Seems a little complicated when BFC is a similar to ABE and DCE. BFC sidelengths are 2/sqrt5 of DCE. So area is 4/5 of DCE. 900 - 225 - 225 - 180 = 270
Yes, I solved it in this way as well. I didn't see your solution at first when I wrote my comment.
S=270
Excellent! Thanks for sharing ❤️
Pink Area = 270 cm^2
Let's find the area: . .. ... .... ..... First of all we calculate the side length s of the square: A(square) = s² = 900 ⇒ s = √900 = 30 The area of the triangle BCE is obviously half of the area of the square.

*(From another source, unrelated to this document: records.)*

lemma LNUCA_cE:
  assumes "\<tau> \<in> LNUCA_c"
  obtains M s where "finite M" "\<And>g. lin_on M (s g)" "\<exists>v. \<forall>\<^sub>\<infinity>g. s g = v" "\<tau> = nuca M s"
proof -
  from assms obtain M s E where M: "finite M" and lin: "\<And>g. lin_on M (s g)"
    and \<tau>: "\<tau> = nuca M s" and "finite E" "\<forall>g h. g \<notin> E \<longrightarrow> h \<notin> E \<longrightarrow> s g = s h"
    unfolding LNUCA_c_def by blast
  then have "\<exists>v. \<forall>\<^sub>\<infinity>g. s g = v"
    by (subst eventually_constant_iff_finite_exceptions) blast
  then show thesis
    by (rule that[OF M lin _ \<tau>])
qed

lemma LNUCA_cI:
  assumes "finite M" and "\<And>g. lin_on M (s g)" and "\<exists>v. \<forall>\<^sub>\<infinity>g. s g = v"
  shows "nuca M s \<in> LNUCA_c"
proof -
  obtain E where "finite E" "\<forall>g h. g \<notin> E \<longrightarrow> h \<notin> E \<longrightarrow> s g = s h"
    using assms(3) eventually_constant_iff_finite_exceptions[of s] by blast
  then show ?thesis
    unfolding LNUCA_c_def using assms(1,2) by blast
qed

lemma admissible_kernel_of:
  assumes "\<tau> \<in> LNUCA_c"
  shows "admissible_kernel (kernel_of \<tau>)"
proof -
  obtain M s v where M: "finite M" and lin: "\<And>g. lin_on M (s g)" and v: "\<forall>\<^sub>\<infinity>g. s g = v"
    and \<tau>: "\<tau> = nuca M s"
    using LNUCA_cE[OF assms] by metis
  have "finite (memory (kernel_of \<tau>))"
    unfolding \<tau> using memory_kernel_of_nuca[OF lin] M by (rule finite_subset)
  moreover have "\<forall>\<^sub>\<infinity>g. kernel_of \<tau> g = (\<lambda>h i j. if h \<in> M then v (unit_config h j) i else 0)"
    using v by (rule eventually_mono) (simp add: \<tau> kernel_of_nuca[OF lin] fun_eq_iff)
  ultimately show ?thesis
    unfolding admissible_kernel_def by blast
qed

lemma kernel_op_kernel_of:
  assumes "\<tau> \<in> LNUCA_c"
  shows "kernel_op (kernel_of \<tau>) = \<tau>"
proof -
  obtain M s where "finite M" "\<And>g. lin_on M (s g)" "\<tau> = nuca M s"
    using LNUCA_cE[OF assms] by metis
  then show ?thesis
    using kernel_op_kernel_of_nuca by blast
qed

lemma kernel_op_in_LNUCA_c:
  fixes c :: "('g::group_add, 'n::finite, 'k::field) kernel"
  assumes "admissible_kernel c"
  shows "kernel_op c \<in> LNUCA_c"
proof -
  define s where "s g y = (\<lambda>i. \<Sum>h\<in>memory c. \<Sum>j\<in>UNIV. c g h i j * y h j)"
    for g and y :: "'g \<Rightarrow> 'n \<Rightarrow> 'k"
  have lin: "lin_on (memory c) (s g)" for g
    by (auto simp: lin_on_def s_def fun_eq_iff distrib_left sum.distrib sum_distrib_left
        mult.left_commute)
  obtain v where "\<forall>\<^sub>\<infinity>g. c g = v"
    using assms unfolding admissible_kernel_def by blast
  then have "\<forall>\<^sub>\<infinity>g. s g = (\<lambda>y i. \<Sum>h\<in>memory c. \<Sum>j\<in>UNIV. v h i j * y h j)"
    by (rule eventually_mono) (simp add: s_def fun_eq_iff)
  moreover have "finite (memory c)"
    using assms unfolding admissible_kernel_def by blast
  ultimately have "nuca (memory c) s \<in> LNUCA_c"
    using lin by (intro LNUCA_cI) auto
  moreover have "kernel_op c = nuca (memory c) s"
    by (intro ext) (simp add: kernel_op_def nuca_def s_def)
  ultimately show ?thesis
    by simp
qed

lemma bij_betw_kernel_of: "bij_betw kernel_of LNUCA_c {c. admissible_kernel c}"
proof (rule bij_betw_byWitness[where f' = kernel_op])
  show "\<forall>c\<in>{c. admissible_kernel c}. kernel_of (kernel_op c) = c"
    by (simp add: admissible_kernel_def kernel_of_kernel_op)
qed (auto simp: kernel_op_kernel_of admissible_kernel_of kernel_op_in_LNUCA_c)

lemma kernel_of_add: "kernel_of (\<tau> + \<rho>) = kernel_of \<tau> + kernel_of \<rho>"
  by (simp add: kernel_of_def fun_eq_iff)

lemma kernel_of_id:
  "kernel_of (id :: ('g::group_add \<Rightarrow> 'n \<Rightarrow> 'k::field) \<Rightarrow> _) = (\<lambda>g h i j. if h = 0 \<and> i = j then 1 else 0)"
proof -
  have "g = g + h \<longleftrightarrow> h = 0" for g h :: 'g
    by (metis add.right_neutral add_left_cancel)
  then show ?thesis
    by (auto simp: kernel_of_def unit_config_def fun_eq_iff)
qed

section \<open>Composition as twisted convolution of kernels\<close>

definition kernel_comp ::
    "('g::group_add, 'n::finite, 'k::field) kernel \<Rightarrow> ('g, 'n, 'k) kernel \<Rightarrow> ('g, 'n, 'k) kernel" where
  "kernel_comp c d g h i j = (\<Sum>t\<in>memory c. \<Sum>l\<in>UNIV. c g t i l * d (g + t) (- t + h) l j)"

lemma kernel_comp_eq_sum_superset:
  assumes "finite T" and "memory c \<subseteq> T"
  shows "kernel_comp c d g h i j = (\<Sum>t\<in>T. \<Sum>l\<in>UNIV. c g t i l * d (g + t) (- t + h) l j)"
  unfolding kernel_comp_def
  by (rule sum.mono_neutral_left) (use assms in \<open>auto simp: notin_memory\<close>)

lemma memory_kernel_comp: "memory (kernel_comp c d) \<subseteq> memory c + memory d"
proof
  fix h
  assume "h \<in> memory (kernel_comp c d)"
  then obtain g i j where "kernel_comp c d g h i j \<noteq> 0"
    by (auto simp: memory_def)
  then obtain t l where t: "t \<in> memory c" and "c g t i l * d (g + t) (- t + h) l j \<noteq> 0"
    unfolding kernel_comp_def by (meson sum.not_neutral_contains_not_neutral)
  then have "- t + h \<in> memory d"
    by (auto simp: memory_def)
  then have "t + (- t + h) \<in> memory c + memory d"
    using t by blast
  then show "h \<in> memory c + memory d"
    by (simp add: add.assoc[symmetric])
qed

lemma finite_memory_kernel_comp:
  "finite (memory c) \<Longrightarrow> finite (memory d) \<Longrightarrow> finite (memory (kernel_comp c d))"
  by (meson finite_set_plus finite_subset memory_kernel_comp)

lemma kernel_op_comp:
  assumes c: "finite (memory c)" and d: "finite (memory d)"
  shows "kernel_op c \<circ> kernel_op d = kernel_op (kernel_comp c d)"
proof (intro ext)
  fix x g i
  define P where "P = memory c + memory d"
  have P: "finite P"
    using c d by (simp add: P_def finite_set_plus)
  have shift: "kernel_op d x (g + t) l = (\<Sum>h\<in>P. \<Sum>j\<in>UNIV. d (g + t) (- t + h) l j * x (g + h) j)"
    if "t \<in> memory c" for t l
  proof -
    have "memory d \<subseteq> (\<lambda>h. - t + h) ` P"
    proof
      fix u
      assume "u \<in> memory d"
      then have "t + u \<in> P"
        using that by (auto simp: P_def)
      then show "u \<in> (\<lambda>h. - t + h) ` P"
        by (rule rev_image_eqI) (simp add: add.assoc[symmetric])
    qed
    then have "kernel_op d x (g + t) l =
        (\<Sum>u\<in>(\<lambda>h. - t + h) ` P. \<Sum>j\<in>UNIV. d (g + t) u l j * x (g + t + u) j)"
      using P by (intro kernel_op_eq_sum_superset) auto
    also have "\<dots> = (\<Sum>h\<in>P. \<Sum>j\<in>UNIV. d (g + t) (- t + h) l j * x (g + h) j)"
      by (subst sum.reindex) (auto simp: inj_on_def add.assoc)
    finally show ?thesis .
  qed
  have "(kernel_op c \<circ> kernel_op d) x g i =
      (\<Sum>t\<in>memory c. \<Sum>l\<in>UNIV. \<Sum>h\<in>P. \<Sum>j\<in>UNIV. c g t i l * (d (g + t) (- t + h) l j * x (g + h) j))"
    by (simp add: kernel_op_def[of c] shift sum_distrib_left)
  also have "\<dots> =
      (\<Sum>h\<in>P. \<Sum>j\<in>UNIV. \<Sum>t\<in>memory c. \<Sum>l\<in>UNIV. c g t i l * (d (g + t) (- t + h) l j * x (g + h) j))"
    by (rule sum_swap_nested)
  also have "\<dots> = (\<Sum>h\<in>P. \<Sum>j\<in>UNIV. kernel_comp c d g h i j * x (g + h) j)"
    by (simp add: kernel_comp_def sum_distrib_right mult.assoc)
  also have "\<dots> = kernel_op (kernel_comp c d) x g i"
    using P memory_kernel_comp[of c d] by (simp add: P_def kernel_op_eq_sum_superset)
  finally show "(kernel_op c \<circ> kernel_op d) x g i = kernel_op (kernel_comp c d) x g i" .
qed

lemma kernel_of_comp:
  assumes "\<tau> \<in> LNUCA_c" and "\<rho> \<in> LNUCA_c"
  shows "kernel_of (\<tau> \<circ> \<rho>) = kernel_comp (kernel_of \<tau>) (kernel_of \<rho>)"
proof -
  have fin: "finite (memory (kernel_of \<tau>))" "finite (memory (kernel_of \<rho>))"
    using admissible_kernel_of[OF assms(1)] admissible_kernel_of[OF assms(2)]
    by (simp_all add: admissible_kernel_def)
  then have "finite (memory (kernel_comp (kernel_of \<tau>) (kernel_of \<rho>)))"
    by (rule finite_memory_kernel_comp)
  moreover have "\<tau> \<circ> \<rho> = kernel_op (kernel_comp (kernel_of \<tau>) (kernel_of \<rho>))"
    using kernel_op_comp[OF fin] kernel_op_kernel_of assms by metis
  ultimately show ?thesis
    by (simp add: kernel_of_kernel_op)
qed

section \<open>Kernels as matrices over D^1(k[G])\<close>

lemma cofinite_value_notin_memory:
  assumes "infinite (UNIV :: 'g set)" and "admissible_kernel (c :: ('g, 'n, 'k::zero) kernel)"
    and "h \<notin> memory c"
  shows "cofinite_value c h i j = 0"
proof -
  have "\<forall>\<^sub>\<infinity>g. c g = cofinite_value c"
    using assms(1,2) unfolding admissible_kernel_def by (blast intro: eventually_eq_cofinite_value)
  then obtain g where "c g = cofinite_value c"
    using assms(1) eventually_happens' by fastforce
  then show ?thesis
    using assms(3) by (metis notin_memory)
qed

(* Entry (alpha, beta) of D^1(k[G]): alpha is the value of c at infinity and beta the finitely
   many deviations from it. *)
definition mat_of_kernel ::
    "('g, 'n, 'k::field) kernel \<Rightarrow> 'n \<Rightarrow> 'n \<Rightarrow> ('g \<Rightarrow> 'k) \<times> ('g \<Rightarrow> 'g \<Rightarrow> 'k)" where
  "mat_of_kernel c =
     (\<lambda>i j. ((\<lambda>h. cofinite_value c h i j), (\<lambda>g h. c g h i j - cofinite_value c h i j)))"

definition kernel_of_mat ::
    "('n \<Rightarrow> 'n \<Rightarrow> ('g \<Rightarrow> 'k) \<times> ('g \<Rightarrow> 'g \<Rightarrow> 'k)) \<Rightarrow> ('g, 'n, 'k::field) kernel" where
  "kernel_of_mat A = (\<lambda>g h i j. fst (A i j) h + snd (A i j) g h)"

lemma kernel_of_mat_mat_of_kernel: "kernel_of_mat (mat_of_kernel c) = c"
  by (simp add: kernel_of_mat_def mat_of_kernel_def)

lemma eventually_kernel_of_mat:
  fixes A :: "'n::finite \<Rightarrow> 'n \<Rightarrow> ('g \<Rightarrow> 'k::field) \<times> ('g \<Rightarrow> 'g \<Rightarrow> 'k)"
  assumes "\<forall>i j. \<forall>\<^sub>\<infinity>g. snd (A i j) g = 0"
  shows "\<forall>\<^sub>\<infinity>g. kernel_of_mat A g = (\<lambda>h i j. fst (A i j) h)"
proof -
  have "\<forall>\<^sub>\<infinity>g. \<forall>i j. snd (A i j) g = 0"
    using assms by (simp add: eventually_all_finite)
  then show ?thesis
    by (rule eventually_mono) (simp add: kernel_of_mat_def fun_eq_iff)
qed

lemma mat_of_kernel_kernel_of_mat:
  fixes A :: "'n::finite \<Rightarrow> 'n \<Rightarrow> ('g \<Rightarrow> 'k::field) \<times> ('g \<Rightarrow> 'g \<Rightarrow> 'k)"
  assumes "infinite (UNIV :: 'g set)" and "\<forall>i j. \<forall>\<^sub>\<infinity>g. snd (A i j) g = 0"
  shows "mat_of_kernel (kernel_of_mat A) = A"
proof -
  have "cofinite_value (kernel_of_mat A) = (\<lambda>h i j. fst (A i j) h)"
    by (rule cofinite_value_eq[OF assms(1) eventually_kernel_of_mat[OF assms(2)]])
  then show ?thesis
    by (simp add: mat_of_kernel_def kernel_of_mat_def fun_eq_iff prod_eq_iff)
qed

lemma MatD1_eventually_snd_eq_0: "A \<in> MatD1 \<Longrightarrow> \<forall>i j. \<forall>\<^sub>\<infinity>g. snd (A i j) g = 0"
  by (auto simp: MatD1_def D1_def groupring2_def fin_supp_def eventually_cofinite mem_Times_iff)
sublocale regular_operators fields Lr Jr
proof
  show "(\<lambda>z. 0) \<in> fields"
    unfolding fields_def by (simp add: smooth_on_const)
next
  fix x y a b assume x: "x \<in> fields" and y: "y \<in> fields"
  show "(\<lambda>z. a *\<^sub>R x z + b *\<^sub>R y z) \<in> fields"
    using x y smooth_on_lincomb[OF open_S fieldsD(1)[OF x] fieldsD(1)[OF y]] unfolding fields_def by simp
  show "Lr x \<in> fields"
    unfolding Lr_def by (rule zero_outside_in_fields, rule smooth_on_lie[OF open_S smooth_rho fieldsD(1)[OF x]])
  show "Jr x \<in> fields"
    unfolding Jr_def by (rule zero_outside_in_fields, rule smooth_on_app11[OF fieldsD(1)[OF x]])
  show "Lr (\<lambda>z. a *\<^sub>R x z + b *\<^sub>R y z) = (\<lambda>z. a *\<^sub>R Lr x z + b *\<^sub>R Lr y z)"
    unfolding Lr_def zero_outside_def
    using lie_lincomb[OF smooth_rho fieldsD(1)[OF x] fieldsD(1)[OF y]] by (simp add: fun_eq_iff)
  show "Jr (\<lambda>z. a *\<^sub>R x z + b *\<^sub>R y z) = (\<lambda>z. a *\<^sub>R Jr x z + b *\<^sub>R Jr y z)"
    unfolding Jr_def zero_outside_def app11_def using linear_J by (simp add: fun_eq_iff linear_add linear_scale)
  show "Jr (Jr x) = (\<lambda>z. 0)"
    unfolding Jr_def zero_outside_def app11_def by (simp add: J_J_at fun_eq_iff)
  show "Jr (Lr (Jr x)) = (\<lambda>z. - Jr x z)"
  proof
    fix z show "Jr (Lr (Jr x)) z = - Jr x z"
    proof (cases "z \<in> S")
      case True
      have "lie \<rho> (Jr x) z = lie \<rho> (app11 J x) z"
        by (rule lie_local[OF open_S True]) (simp add: Jr_def zero_outside_def)
      moreover have "J z (lie \<rho> (app11 J x) z) = - J z (x z)"
        using regular True fieldsD(1)[OF x] unfolding J_regular_def app11_def by simp
      ultimately show ?thesis
        using True by (simp add: Jr_def Lr_def zero_outside_def app11_def)
    qed (simp add: Jr_def zero_outside_def)
  qed
qed

text \<open>\<open>lie_J_at z\<close> is the coordinate expression \<open>u \<mapsto> (D\<^sub>\<rho> J) u - D\<rho> (J u) + J (D\<rho> u)\<close> of the
  tensor \<open>\<L>\<^sub>\<rho> J\<close> at \<open>z\<close>.\<close>

definition lie_J_at :: "'n cot \<Rightarrow> 'n cot \<Rightarrow> 'n cot" where
  "lie_J_at z u = (\<Sum>b\<in>Basis. (u \<bullet> b) *\<^sub>R frechet_derivative (\<lambda>y. J y b) (at z) (\<rho> z))
     - frechet_derivative \<rho> (at z) (J z u) + J z (frechet_derivative \<rho> (at z) u)"
(* Let $\mathcal{L}$ be a compendious logic. Every non-finitary theory $K$ of $\mathcal{L}$ contains a cleaving, i.e., there is a cleaving $\mathcal{C}\subseteq K$.
   Context: A logic $(\mathrm{Fm},\mathrm{Cn})$ (countable $\mathrm{Fm}$) is compendious if it is Tarskian ($\mathrm{Cn}$ monotone, extensive, idempotent), Boolean (has $\neg,\lor$ with $\mathrm{Cn}(\{\varphi\})\cap\mathrm{Cn}(\{\neg\varphi\})=\mathrm{Cn}(\emptyset)$, $\mathrm{Cn}(\{\varphi,\neg\varphi\})=\mathrm{Fm}$, and the usual introduction and elimination rules for $\lor$ relative to $\mathrm{Cn}$), has infinitely many theories ($K=\mathrm{Cn}(K)$), and satisfies (Discerning): for all sets $X,Y$ of complete consistent theories, $\bigcap X=\bigcap Y$ implies $X=Y$. $\varphi\equiv\psi$ iff $\mathrm{Cn}(\{\varphi\})=\mathrm{Cn}(\{\psi\})$. A theory is non-finitary if it contains infinitely many $\equiv$-classes. A cleaving is an infinite set of formulae $\mathcal{C}$ such that for all distinct $\varphi,\psi\in\mathcal{C}$: (CL1) $\varphi\not\equiv\psi$, and (CL2) $\varphi\lor\psi\in\mathrm{Cn}(\emptyset)$. *)

theory Defs
  imports Main "HOL-Library.Countable_Set"
begin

Now we need to know the area of the right triangle BCF. Since ∠CDE=∠BFC=90°, ∠DCE=∠CBF=α and ∠CED=∠BCF=β, the triangles CDE and BCF are similar. So we can conclude: BF/CF = CD/DE = s/(s/2) = 2 Since BCF is a right triangle, we can apply the Pythagorean theorem: BF² + CF² = BC² (2*CF)² + CF² = s² 4*CF² + CF² = s² 5*CF² = s² ⇒ CF² = s²/5 Now we can calculate the size of the pink area: A(BCF) = (1/2)*BF*CF = (1/2)*(2*CF)*CF = CF² = s²/5 A(pink) = A(BEF) = A(BCE) − A(BCF) = s²/2 − s²/5 = 900/2 − 900/5 = 450 − 180 = 270 Best regards from Germany
Excellent! Thanks for sharing ❤️
bro ai
If the triangle area is given and the square area is unknown, this problem will be more difficult.
Thanks for the feedback ❤️
I solve it in my way and got 270.2788 square units. Is it right?
It seems like a rounding error somewhere. The answer is definitely exactly 270. Give me a little background and maybe I can find where the error crept in.